(Supplied material)

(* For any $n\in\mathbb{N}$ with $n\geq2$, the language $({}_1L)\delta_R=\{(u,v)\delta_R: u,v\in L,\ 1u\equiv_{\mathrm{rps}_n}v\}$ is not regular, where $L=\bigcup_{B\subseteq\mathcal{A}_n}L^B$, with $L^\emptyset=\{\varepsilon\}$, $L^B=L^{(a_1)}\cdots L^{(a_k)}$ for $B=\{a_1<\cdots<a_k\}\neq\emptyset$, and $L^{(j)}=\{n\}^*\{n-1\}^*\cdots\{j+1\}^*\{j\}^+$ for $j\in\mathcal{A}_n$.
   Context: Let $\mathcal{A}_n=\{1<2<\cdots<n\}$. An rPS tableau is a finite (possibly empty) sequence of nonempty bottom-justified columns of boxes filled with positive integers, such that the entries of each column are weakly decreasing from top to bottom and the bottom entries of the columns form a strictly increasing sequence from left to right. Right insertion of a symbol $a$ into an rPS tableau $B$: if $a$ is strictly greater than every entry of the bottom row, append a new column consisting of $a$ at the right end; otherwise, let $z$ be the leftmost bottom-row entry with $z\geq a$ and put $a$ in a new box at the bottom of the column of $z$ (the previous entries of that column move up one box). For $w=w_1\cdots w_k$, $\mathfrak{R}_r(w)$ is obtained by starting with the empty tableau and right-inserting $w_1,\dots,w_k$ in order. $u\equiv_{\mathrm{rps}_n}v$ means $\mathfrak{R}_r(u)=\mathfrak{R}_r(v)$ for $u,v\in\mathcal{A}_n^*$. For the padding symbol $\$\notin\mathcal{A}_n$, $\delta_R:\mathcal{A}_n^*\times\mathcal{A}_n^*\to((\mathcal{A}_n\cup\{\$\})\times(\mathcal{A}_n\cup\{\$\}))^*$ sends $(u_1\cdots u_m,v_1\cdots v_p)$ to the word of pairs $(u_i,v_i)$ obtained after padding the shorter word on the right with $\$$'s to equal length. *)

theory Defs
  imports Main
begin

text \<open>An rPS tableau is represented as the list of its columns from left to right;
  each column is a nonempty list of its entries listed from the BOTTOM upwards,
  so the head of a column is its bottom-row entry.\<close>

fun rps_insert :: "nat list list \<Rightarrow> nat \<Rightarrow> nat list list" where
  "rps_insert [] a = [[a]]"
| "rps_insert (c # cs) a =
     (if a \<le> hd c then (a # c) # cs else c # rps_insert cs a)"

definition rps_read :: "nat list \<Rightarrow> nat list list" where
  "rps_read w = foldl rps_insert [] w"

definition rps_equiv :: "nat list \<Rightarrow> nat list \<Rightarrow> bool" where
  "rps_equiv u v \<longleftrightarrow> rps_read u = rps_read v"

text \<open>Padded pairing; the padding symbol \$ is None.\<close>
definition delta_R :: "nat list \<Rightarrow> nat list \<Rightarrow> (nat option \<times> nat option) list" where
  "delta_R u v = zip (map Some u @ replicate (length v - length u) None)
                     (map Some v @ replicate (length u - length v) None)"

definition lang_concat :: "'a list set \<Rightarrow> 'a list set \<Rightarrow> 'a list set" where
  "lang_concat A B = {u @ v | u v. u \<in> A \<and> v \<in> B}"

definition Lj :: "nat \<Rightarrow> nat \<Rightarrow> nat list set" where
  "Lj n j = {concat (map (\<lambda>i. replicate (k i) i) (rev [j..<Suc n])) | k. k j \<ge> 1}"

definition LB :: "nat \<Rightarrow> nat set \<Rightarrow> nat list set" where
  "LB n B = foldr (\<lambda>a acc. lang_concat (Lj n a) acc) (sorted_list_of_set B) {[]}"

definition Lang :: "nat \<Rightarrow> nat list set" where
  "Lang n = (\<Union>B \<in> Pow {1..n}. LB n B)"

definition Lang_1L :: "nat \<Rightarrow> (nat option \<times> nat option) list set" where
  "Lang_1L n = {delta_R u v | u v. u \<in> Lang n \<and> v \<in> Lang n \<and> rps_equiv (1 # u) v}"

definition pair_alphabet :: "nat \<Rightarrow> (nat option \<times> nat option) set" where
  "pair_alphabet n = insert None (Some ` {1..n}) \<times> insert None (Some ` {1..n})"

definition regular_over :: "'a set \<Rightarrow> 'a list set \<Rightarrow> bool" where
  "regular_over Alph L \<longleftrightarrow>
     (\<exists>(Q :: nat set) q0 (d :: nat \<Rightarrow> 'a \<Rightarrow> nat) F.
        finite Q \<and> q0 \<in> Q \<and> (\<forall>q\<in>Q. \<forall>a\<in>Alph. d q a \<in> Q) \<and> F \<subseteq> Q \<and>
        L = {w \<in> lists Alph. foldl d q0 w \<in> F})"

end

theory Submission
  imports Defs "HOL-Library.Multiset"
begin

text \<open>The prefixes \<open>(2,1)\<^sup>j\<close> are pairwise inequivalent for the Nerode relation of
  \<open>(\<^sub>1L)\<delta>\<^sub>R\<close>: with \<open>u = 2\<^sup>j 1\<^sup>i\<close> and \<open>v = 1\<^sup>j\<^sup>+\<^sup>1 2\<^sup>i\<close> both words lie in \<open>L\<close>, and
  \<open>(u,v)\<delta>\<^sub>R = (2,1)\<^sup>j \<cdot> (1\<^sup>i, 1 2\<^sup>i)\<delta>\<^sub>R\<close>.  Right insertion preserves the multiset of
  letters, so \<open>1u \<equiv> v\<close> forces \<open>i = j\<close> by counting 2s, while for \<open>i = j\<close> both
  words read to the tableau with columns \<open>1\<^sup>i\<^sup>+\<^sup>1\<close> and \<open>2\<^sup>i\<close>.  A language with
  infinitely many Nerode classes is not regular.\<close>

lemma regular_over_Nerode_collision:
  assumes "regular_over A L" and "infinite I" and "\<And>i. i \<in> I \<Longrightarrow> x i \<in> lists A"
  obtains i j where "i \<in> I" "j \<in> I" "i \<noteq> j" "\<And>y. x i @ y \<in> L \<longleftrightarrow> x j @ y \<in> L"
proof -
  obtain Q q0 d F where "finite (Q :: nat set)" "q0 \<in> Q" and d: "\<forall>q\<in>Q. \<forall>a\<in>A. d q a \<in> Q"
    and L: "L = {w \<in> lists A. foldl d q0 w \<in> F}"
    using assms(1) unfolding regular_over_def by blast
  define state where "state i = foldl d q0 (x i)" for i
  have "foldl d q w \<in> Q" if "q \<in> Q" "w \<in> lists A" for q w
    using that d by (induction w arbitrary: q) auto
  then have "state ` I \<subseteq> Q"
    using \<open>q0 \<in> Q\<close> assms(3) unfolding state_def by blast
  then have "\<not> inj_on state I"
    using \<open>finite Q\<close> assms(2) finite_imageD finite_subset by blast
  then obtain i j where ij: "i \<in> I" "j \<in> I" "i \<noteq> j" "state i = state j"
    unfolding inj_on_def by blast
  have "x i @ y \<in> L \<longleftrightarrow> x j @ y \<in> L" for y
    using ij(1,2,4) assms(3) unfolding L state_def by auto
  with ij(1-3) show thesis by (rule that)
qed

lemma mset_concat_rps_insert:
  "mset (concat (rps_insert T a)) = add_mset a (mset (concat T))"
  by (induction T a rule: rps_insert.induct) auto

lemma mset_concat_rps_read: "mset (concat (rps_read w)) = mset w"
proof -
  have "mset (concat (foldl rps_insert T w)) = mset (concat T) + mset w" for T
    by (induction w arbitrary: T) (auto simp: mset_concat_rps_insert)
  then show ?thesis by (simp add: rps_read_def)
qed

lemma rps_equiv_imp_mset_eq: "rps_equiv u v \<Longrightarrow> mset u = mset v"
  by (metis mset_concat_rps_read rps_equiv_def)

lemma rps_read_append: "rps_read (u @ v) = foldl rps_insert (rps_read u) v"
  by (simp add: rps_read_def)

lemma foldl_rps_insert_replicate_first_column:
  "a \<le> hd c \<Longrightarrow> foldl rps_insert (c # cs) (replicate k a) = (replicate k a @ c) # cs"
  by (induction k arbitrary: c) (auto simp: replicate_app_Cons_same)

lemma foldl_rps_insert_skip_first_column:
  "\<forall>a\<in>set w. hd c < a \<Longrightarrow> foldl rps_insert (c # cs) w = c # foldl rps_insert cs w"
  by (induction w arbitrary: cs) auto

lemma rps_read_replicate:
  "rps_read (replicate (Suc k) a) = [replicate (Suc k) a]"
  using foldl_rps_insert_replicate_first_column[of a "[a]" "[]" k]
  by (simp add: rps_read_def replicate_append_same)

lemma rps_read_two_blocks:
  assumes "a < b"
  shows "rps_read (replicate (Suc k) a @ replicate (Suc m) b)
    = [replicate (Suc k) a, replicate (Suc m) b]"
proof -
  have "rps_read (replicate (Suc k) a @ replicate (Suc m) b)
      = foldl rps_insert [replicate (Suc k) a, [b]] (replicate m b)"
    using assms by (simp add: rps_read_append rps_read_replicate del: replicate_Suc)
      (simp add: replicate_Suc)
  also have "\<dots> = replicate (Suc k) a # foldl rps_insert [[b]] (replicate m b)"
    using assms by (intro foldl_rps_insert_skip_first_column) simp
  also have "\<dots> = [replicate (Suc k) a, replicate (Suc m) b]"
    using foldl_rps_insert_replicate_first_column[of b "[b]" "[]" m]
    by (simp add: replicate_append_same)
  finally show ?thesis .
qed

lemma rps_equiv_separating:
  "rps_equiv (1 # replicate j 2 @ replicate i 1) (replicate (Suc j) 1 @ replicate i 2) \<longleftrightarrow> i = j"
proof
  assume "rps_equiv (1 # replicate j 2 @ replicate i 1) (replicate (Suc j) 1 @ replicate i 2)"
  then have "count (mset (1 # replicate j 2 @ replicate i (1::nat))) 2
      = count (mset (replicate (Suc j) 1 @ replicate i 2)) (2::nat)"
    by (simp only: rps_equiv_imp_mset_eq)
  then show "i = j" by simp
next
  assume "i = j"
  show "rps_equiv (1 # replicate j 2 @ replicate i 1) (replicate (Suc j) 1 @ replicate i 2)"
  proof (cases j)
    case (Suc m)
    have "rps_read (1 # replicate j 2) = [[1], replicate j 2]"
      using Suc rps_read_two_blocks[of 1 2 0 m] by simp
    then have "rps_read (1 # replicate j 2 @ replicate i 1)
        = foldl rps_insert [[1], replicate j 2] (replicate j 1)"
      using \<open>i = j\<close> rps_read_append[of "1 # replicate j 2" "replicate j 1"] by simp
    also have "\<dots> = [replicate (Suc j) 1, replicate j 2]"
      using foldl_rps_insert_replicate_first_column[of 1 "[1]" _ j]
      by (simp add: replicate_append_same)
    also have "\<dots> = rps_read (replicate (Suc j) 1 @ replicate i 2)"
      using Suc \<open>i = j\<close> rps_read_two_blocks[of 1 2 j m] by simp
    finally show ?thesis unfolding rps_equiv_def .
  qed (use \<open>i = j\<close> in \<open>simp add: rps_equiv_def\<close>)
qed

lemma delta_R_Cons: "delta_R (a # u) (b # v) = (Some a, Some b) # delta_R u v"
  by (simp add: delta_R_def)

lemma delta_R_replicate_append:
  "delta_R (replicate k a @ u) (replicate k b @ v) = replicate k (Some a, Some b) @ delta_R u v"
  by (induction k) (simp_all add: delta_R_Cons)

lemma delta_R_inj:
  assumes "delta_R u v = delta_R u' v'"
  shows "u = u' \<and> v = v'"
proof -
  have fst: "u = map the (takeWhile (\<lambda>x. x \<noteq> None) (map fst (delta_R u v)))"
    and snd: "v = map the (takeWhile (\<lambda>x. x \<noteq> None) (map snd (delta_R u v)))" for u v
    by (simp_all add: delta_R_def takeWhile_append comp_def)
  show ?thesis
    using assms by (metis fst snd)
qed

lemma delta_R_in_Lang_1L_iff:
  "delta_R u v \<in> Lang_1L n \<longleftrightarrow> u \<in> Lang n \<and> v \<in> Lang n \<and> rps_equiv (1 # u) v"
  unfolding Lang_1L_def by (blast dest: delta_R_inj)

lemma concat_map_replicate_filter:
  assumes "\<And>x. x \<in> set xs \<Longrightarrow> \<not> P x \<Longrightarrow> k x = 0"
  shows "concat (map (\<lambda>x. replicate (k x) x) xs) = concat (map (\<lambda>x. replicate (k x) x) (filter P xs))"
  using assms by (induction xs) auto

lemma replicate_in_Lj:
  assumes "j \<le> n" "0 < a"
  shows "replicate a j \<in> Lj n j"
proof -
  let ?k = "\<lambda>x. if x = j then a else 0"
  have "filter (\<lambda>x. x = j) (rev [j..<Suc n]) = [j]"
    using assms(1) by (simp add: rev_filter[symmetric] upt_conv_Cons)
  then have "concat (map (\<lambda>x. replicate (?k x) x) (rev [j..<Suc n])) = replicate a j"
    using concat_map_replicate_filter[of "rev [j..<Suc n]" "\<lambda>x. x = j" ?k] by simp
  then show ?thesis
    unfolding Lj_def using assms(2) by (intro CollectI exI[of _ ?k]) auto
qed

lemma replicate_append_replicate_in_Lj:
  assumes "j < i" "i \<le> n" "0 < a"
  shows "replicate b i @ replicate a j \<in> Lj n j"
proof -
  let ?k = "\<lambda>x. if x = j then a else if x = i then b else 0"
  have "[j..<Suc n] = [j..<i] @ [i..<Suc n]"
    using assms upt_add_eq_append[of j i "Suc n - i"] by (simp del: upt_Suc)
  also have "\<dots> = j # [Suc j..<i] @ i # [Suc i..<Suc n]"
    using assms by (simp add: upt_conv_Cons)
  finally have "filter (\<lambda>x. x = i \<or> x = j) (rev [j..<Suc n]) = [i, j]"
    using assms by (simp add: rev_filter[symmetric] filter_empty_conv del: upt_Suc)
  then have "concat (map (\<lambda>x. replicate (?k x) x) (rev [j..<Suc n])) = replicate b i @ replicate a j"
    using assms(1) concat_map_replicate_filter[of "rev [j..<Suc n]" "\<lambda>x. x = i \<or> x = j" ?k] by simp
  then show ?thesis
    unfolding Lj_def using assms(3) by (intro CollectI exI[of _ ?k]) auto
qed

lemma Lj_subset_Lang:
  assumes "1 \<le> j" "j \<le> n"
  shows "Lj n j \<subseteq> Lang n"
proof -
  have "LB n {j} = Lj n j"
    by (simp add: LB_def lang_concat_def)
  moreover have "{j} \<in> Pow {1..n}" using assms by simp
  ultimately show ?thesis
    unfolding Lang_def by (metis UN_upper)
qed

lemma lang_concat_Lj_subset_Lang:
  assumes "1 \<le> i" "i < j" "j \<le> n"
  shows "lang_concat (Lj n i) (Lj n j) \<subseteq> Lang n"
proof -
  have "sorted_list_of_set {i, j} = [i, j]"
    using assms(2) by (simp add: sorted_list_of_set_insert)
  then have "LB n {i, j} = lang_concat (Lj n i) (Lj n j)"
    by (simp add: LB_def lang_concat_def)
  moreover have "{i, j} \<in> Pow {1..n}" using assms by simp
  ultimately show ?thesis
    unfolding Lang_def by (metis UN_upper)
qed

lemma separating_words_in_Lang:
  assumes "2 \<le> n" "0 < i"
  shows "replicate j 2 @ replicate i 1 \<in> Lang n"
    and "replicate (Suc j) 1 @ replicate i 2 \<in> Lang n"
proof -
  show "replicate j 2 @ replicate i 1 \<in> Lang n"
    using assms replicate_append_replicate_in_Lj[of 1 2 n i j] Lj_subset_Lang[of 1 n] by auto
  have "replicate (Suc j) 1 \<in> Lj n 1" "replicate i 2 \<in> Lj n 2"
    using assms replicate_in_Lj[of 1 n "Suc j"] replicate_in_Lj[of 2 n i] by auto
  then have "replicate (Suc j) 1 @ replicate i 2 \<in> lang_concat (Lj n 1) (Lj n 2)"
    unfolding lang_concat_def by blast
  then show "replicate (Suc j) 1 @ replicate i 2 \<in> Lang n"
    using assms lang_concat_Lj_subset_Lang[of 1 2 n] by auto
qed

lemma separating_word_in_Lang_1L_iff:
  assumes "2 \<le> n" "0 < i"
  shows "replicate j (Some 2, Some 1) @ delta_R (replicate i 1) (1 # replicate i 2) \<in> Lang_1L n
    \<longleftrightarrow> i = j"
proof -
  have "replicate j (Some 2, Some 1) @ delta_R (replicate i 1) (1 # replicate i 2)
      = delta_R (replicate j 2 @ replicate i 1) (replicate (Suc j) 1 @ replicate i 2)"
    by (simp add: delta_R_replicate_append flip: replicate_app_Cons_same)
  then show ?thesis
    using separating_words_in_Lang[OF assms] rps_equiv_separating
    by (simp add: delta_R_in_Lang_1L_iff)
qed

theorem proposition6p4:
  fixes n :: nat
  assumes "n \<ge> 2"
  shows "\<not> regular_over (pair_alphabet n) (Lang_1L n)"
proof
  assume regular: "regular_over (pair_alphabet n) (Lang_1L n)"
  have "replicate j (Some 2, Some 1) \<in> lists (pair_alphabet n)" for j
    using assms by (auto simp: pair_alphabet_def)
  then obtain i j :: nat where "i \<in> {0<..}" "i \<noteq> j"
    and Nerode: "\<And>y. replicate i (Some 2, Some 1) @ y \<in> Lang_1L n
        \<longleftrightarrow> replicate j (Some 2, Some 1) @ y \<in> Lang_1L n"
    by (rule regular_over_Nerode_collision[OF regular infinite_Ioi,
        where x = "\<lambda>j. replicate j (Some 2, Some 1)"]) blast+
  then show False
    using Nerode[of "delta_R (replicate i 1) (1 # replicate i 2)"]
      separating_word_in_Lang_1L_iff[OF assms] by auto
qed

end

(End Supplied material)

• Your task: Please return the lines above that run from the line containing "(concat (rps_read w))" to the line containing "hd c \<Longrightarrow>", inclusive, exactly and with no other lines.

• Worked solution:
lemma mset_concat_rps_read: "mset (concat (rps_read w)) = mset w"
proof -
  have "mset (concat (foldl rps_insert T w)) = mset (concat T) + mset w" for T
    by (induction w arbitrary: T) (auto simp: mset_concat_rps_insert)
  then show ?thesis by (simp add: rps_read_def)
qed

lemma rps_equiv_imp_mset_eq: "rps_equiv u v \<Longrightarrow> mset u = mset v"
  by (metis mset_concat_rps_read rps_equiv_def)

lemma rps_read_append: "rps_read (u @ v) = foldl rps_insert (rps_read u) v"
  by (simp add: rps_read_def)

lemma foldl_rps_insert_replicate_first_column:
  "a \<le> hd c \<Longrightarrow> foldl rps_insert (c # cs) (replicate k a) = (replicate k a @ c) # cs"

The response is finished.